──────── SOURCE MATERIAL ────────

lemma map_nested_random_subgraphs:
  assumes "finite E" "bij_betw \<sigma> E E" "0 \<le> p" "p \<le> 1" "0 \<le> r" "r \<le> 1"
  shows "map_pmf (\<lambda>(H1, H2). (\<sigma> ` H1, \<sigma> ` H2)) (nested_random_subgraphs E p r)
    = nested_random_subgraphs E p r"
proof -
  have inj: "inj_on \<sigma> E" and img: "\<sigma> ` E = E" using assms(2) by (auto simp: bij_betw_def)
  have "map_pmf (\<lambda>(H1, H2). (\<sigma> ` H1, \<sigma> ` H2)) (nested_random_subgraphs E p r)
      = do { H2 \<leftarrow> random_subgraph E p; H1 \<leftarrow> map_pmf (image \<sigma>) (random_subgraph H2 r);
             return_pmf (H1, \<sigma> ` H2) }"
    unfolding nested_random_subgraphs_def by (simp add: map_bind_pmf bind_map_pmf)
  also have "\<dots> = do { H2 \<leftarrow> random_subgraph E p; H1 \<leftarrow> random_subgraph (\<sigma> ` H2) r;
             return_pmf (H1, \<sigma> ` H2) }"
  proof (intro bind_pmf_cong refl)
    fix H2 assume "H2 \<in> set_pmf (random_subgraph E p)"
    then have "H2 \<subseteq> E" using set_pmf_random_subgraph by blast
    then show "map_pmf (image \<sigma>) (random_subgraph H2 r) = random_subgraph (\<sigma> ` H2) r"
      using assms(1,5,6) inj by (intro map_random_subgraph) (auto intro: finite_subset inj_on_subset)
  qed
  also have "\<dots> = do { H2 \<leftarrow> map_pmf (image \<sigma>) (random_subgraph E p); H1 \<leftarrow> random_subgraph H2 r;
             return_pmf (H1, H2) }"
    by (simp add: bind_map_pmf)
  also have "map_pmf (image \<sigma>) (random_subgraph E p) = random_subgraph E p"
    using map_random_subgraph[OF assms(1) inj assms(3,4)] img by simp
  finally show ?thesis unfolding nested_random_subgraphs_def .
qed

definition GH_from_order :: "nat set \<Rightarrow> nat set set \<Rightarrow> nat set set \<Rightarrow> nat set list \<Rightarrow> nat set set" where
  "GH_from_order V G1 G2 b =
     (let I = {v\<in>V. isolated V G1 v} in
      if (\<exists>v\<in>I. {e\<in>G2. v \<in> e} = {}) \<or> (\<exists>u\<in>I. \<exists>v\<in>I. {u, v} \<in> G2)
      then G1
      else G1 \<union> (\<lambda>v. hd (filter (\<lambda>e. v \<in> e) b)) ` I)"

lemma GH_step_eq_map_random_perm:
  assumes "finite V" "finite G2" "G1 \<subseteq> G2" and edges: "\<forall>e\<in>G2. \<exists>x y. e = {x, y}"
  shows "GH_step V G1 G2 = map_pmf (GH_from_order V G1 G2) (random_perm (G2 - G1))"
proof -
  define I where "I = {v\<in>V. isolated V G1 v}"
  show ?thesis
  proof (cases "(\<exists>v\<in>I. {e\<in>G2. v \<in> e} = {}) \<or> (\<exists>u\<in>I. \<exists>v\<in>I. {u, v} \<in> G2)")
    case True
    then show ?thesis unfolding GH_step_def GH_from_order_def I_def[symmetric] Let_def
      by (simp add: map_pmf_def bind_return_pmf)
  next
    case False
    have star: "{e\<in>G2. v \<in> e} = {e\<in>G2 - G1. v \<in> e}" if "v \<in> I" for v
      using that by (auto simp: I_def isolated_def)
    have disj: "u = v" if "u \<in> I" "v \<in> I" "e \<in> G2 - G1" "u \<in> e" "v \<in> e" for u v e
      using False that edges by fastforce
    have "GH_step V G1 G2 = map_pmf (\<lambda>c. G1 \<union> c ` I) (Pi_pmf I {} (\<lambda>v. pmf_of_set {e\<in>G2. v \<in> e}))"
      unfolding GH_step_def I_def[symmetric] Let_def by (rule if_not_P[OF False])
    also have "Pi_pmf I {} (\<lambda>v. pmf_of_set {e\<in>G2. v \<in> e}) = Pi_pmf I {} (\<lambda>v. pmf_of_set {e\<in>G2 - G1. v \<in> e})"
      using star by (intro Pi_pmf_cong) auto
    also have "Pi_pmf I {} (\<lambda>v. pmf_of_set {e\<in>G2 - G1. v \<in> e})
        = map_pmf (first_in I (\<lambda>v e. v \<in> e) {}) (random_perm (G2 - G1))"
      using assms(1,2) False star disj
      by (intro map_first_in_random_perm[symmetric]) (auto simp: I_def)
    also have "map_pmf (\<lambda>c. G1 \<union> c ` I) \<dots> = map_pmf (GH_from_order V G1 G2) (random_perm (G2 - G1))"
      unfolding pmf.map_comp using False
      by (intro map_pmf_cong refl) (auto simp: GH_from_order_def first_in_def I_def[symmetric] Let_def)
    finally show ?thesis .
  qed
qed

type_synonym coupling_outcome = "nat set set \<times> nat set set \<times> nat set list \<times> nat set list \<times> nat set list"

definition GH_coupling :: "nat set set \<Rightarrow> real \<Rightarrow> real \<Rightarrow> coupling_outcome pmf" where
  "GH_coupling E p r = bind_pmf (nested_random_subgraphs E p r) (\<lambda>(G1, G2).
     do { a \<leftarrow> random_perm G1; b \<leftarrow> random_perm (G2 - G1); c \<leftarrow> random_perm (E - G2);
          return_pmf (G1, G2, a, b, c) })"

lemma set_pmf_GH_coupling:
  assumes "finite E" "(G1, G2, a, b, c) \<in> set_pmf (GH_coupling E p r)"
  shows "set a = G1" "set b = G2 - G1" "a @ b @ c \<in> permutations_of_set E"
proof -
  have nested: "(G1, G2) \<in> set_pmf (nested_random_subgraphs E p r)" and
    abc: "a \<in> set_pmf (random_perm G1)" "b \<in> set_pmf (random_perm (G2 - G1))"
      "c \<in> set_pmf (random_perm (E - G2))"
    using assms(2) by (auto simp: GH_coupling_def)
  have sub: "G1 \<subseteq> G2" "G2 \<subseteq> E" using set_pmf_nested_random_subgraphs[OF nested] by auto
  have "a @ b @ c \<in> set_pmf (block_perm E G1 G2)"
    using abc unfolding block_perm_def by auto
  then show "a @ b @ c \<in> permutations_of_set E" using set_pmf_block_perm[OF assms(1) sub] by blast
  have "finite G1" "finite G2" using sub assms(1) by (auto intro: finite_subset)
  then show "set a = G1" "set b = G2 - G1" using abc by (auto dest: permutations_of_setD)
qed

lemma map_concat_GH_coupling:
  assumes "finite E" "0 \<le> p" "p \<le> 1" "0 \<le> r" "r \<le> 1"
  shows "map_pmf (\<lambda>(G1, G2, a, b, c). a @ b @ c) (GH_coupling E p r) = graph_process E"
proof -
  have "map_pmf (\<lambda>(G1, G2, a, b, c). a @ b @ c) (GH_coupling E p r)
      = bind_pmf (nested_random_subgraphs E p r) (\<lambda>(G1, G2). block_perm E G1 G2)"
    unfolding GH_coupling_def block_perm_def by (simp add: map_bind_pmf case_prod_unfold)
  also have "\<dots> = random_perm E"
    using assms set_pmf_nested_random_subgraphs map_nested_random_subgraphs
    by (intro bind_block_perm_eq_random_perm) auto
  finally show ?thesis by (simp add: graph_process_def random_perm_def)
qed

lemma map_fst_GH_coupling:
  assumes "finite E" "0 \<le> p" "p \<le> 1" "0 \<le> r" "r \<le> 1"
  shows "map_pmf fst (GH_coupling E p r) = random_subgraph E (p * r)"
proof -
  have "map_pmf fst (GH_coupling E p r) = map_pmf fst (nested_random_subgraphs E p r)"
    unfolding GH_coupling_def map_pmf_def[of fst "nested_random_subgraphs E p r"]
    by (simp add: map_bind_pmf case_prod_unfold bind_return_pmf')
  then show ?thesis using map_fst_nested_random_subgraphs[OF assms] by simp
qed

lemma GH_eq_map_GH_coupling:
  assumes "finite V" "finite E" "\<forall>e\<in>E. \<exists>x y. e = {x, y}"
  shows "GH n k V E = map_pmf (\<lambda>(G1, G2, a, b, c). GH_from_order V G1 G2 b)
    (GH_coupling E (p2 n k) (p1 n k / p2 n k))"
proof -
  have "GH n k V E = bind_pmf (nested_random_subgraphs E (p2 n k) (p1 n k / p2 n k))
      (\<lambda>(G1, G2). GH_step V G1 G2)"
    unfolding GH_def nested_random_subgraphs_def by (simp add: bind_assoc_pmf bind_return_pmf)
  also have "\<dots> = bind_pmf (nested_random_subgraphs E (p2 n k) (p1 n k / p2 n k))
      (\<lambda>(G1, G2). map_pmf (GH_from_order V G1 G2) (random_perm (G2 - G1)))"
  proof (intro bind_pmf_cong refl)
    fix G assume "G \<in> set_pmf (nested_random_subgraphs E (p2 n k) (p1 n k / p2 n k))"
    then have "fst G \<subseteq> snd G" "snd G \<subseteq> E"
      using set_pmf_nested_random_subgraphs[of "fst G" "snd G"] by auto
    then show "(case G of (G1, G2) \<Rightarrow> GH_step V G1 G2)
        = (case G of (G1, G2) \<Rightarrow> map_pmf (GH_from_order V G1 G2) (random_perm (G2 - G1)))"
      using assms by (auto simp: split_beta intro!: GH_step_eq_map_random_perm intro: finite_subset)
  qed
  also have "\<dots> = map_pmf (\<lambda>(G1, G2, a, b, c). GH_from_order V G1 G2 b)
      (GH_coupling E (p2 n k) (p1 n k / p2 n k))"
    unfolding GH_coupling_def map_pmf_def
    by (simp add: map_bind_pmf bind_assoc_pmf bind_return_pmf case_prod_unfold)
  finally show ?thesis .
qed

lemma no_isolated_take_hit_time:
  assumes "no_isolated V (set xs)"
  shows "no_isolated V (set (take (hit_time V xs) xs))"
  unfolding hit_time_def by (rule LeastI[of _ "length xs"]) (use assms in simp)

lemma less_hit_time_if_isolated:
  assumes "no_isolated V (set xs)" "isolated V (set (take m xs)) v"
  shows "m < hit_time V xs"
proof (rule ccontr)
  assume "\<not> m < hit_time V xs"
  then have "set (take (hit_time V xs) xs) \<subseteq> set (take m xs)"
    by (intro set_take_subset_set_take) simp
  then show False
    using no_isolated_take_hit_time[OF assms(1)] assms(2) by (auto simp: no_isolated_def isolated_def)
qed

lemma set_take_subset_hitting_graph: "m \<le> hit_time V xs \<Longrightarrow> set (take m xs) \<subseteq> hitting_graph V xs"
  unfolding hitting_graph_def by (rule set_take_subset_set_take)

lemma hitting_graph_subset_set: "hitting_graph V xs \<subseteq> set xs"
  unfolding hitting_graph_def by (rule set_take_subset)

────────

* DESCRIPTION OF THE TASK *
The answer should contain only the lines from the first line of the entries through the line holding "H2 r) = random_subgraph", each exactly as written.

* ANSWER TO THIS EXERCISE *
lemma map_nested_random_subgraphs:
  assumes "finite E" "bij_betw \<sigma> E E" "0 \<le> p" "p \<le> 1" "0 \<le> r" "r \<le> 1"
  shows "map_pmf (\<lambda>(H1, H2). (\<sigma> ` H1, \<sigma> ` H2)) (nested_random_subgraphs E p r)
    = nested_random_subgraphs E p r"
proof -
  have inj: "inj_on \<sigma> E" and img: "\<sigma> ` E = E" using assms(2) by (auto simp: bij_betw_def)
  have "map_pmf (\<lambda>(H1, H2). (\<sigma> ` H1, \<sigma> ` H2)) (nested_random_subgraphs E p r)
      = do { H2 \<leftarrow> random_subgraph E p; H1 \<leftarrow> map_pmf (image \<sigma>) (random_subgraph H2 r);
             return_pmf (H1, \<sigma> ` H2) }"
    unfolding nested_random_subgraphs_def by (simp add: map_bind_pmf bind_map_pmf)
  also have "\<dots> = do { H2 \<leftarrow> random_subgraph E p; H1 \<leftarrow> random_subgraph (\<sigma> ` H2) r;
             return_pmf (H1, \<sigma> ` H2) }"
  proof (intro bind_pmf_cong refl)
    fix H2 assume "H2 \<in> set_pmf (random_subgraph E p)"
    then have "H2 \<subseteq> E" using set_pmf_random_subgraph by blast
    then show "map_pmf (image \<sigma>) (random_subgraph H2 r) = random_subgraph (\<sigma> ` H2) r"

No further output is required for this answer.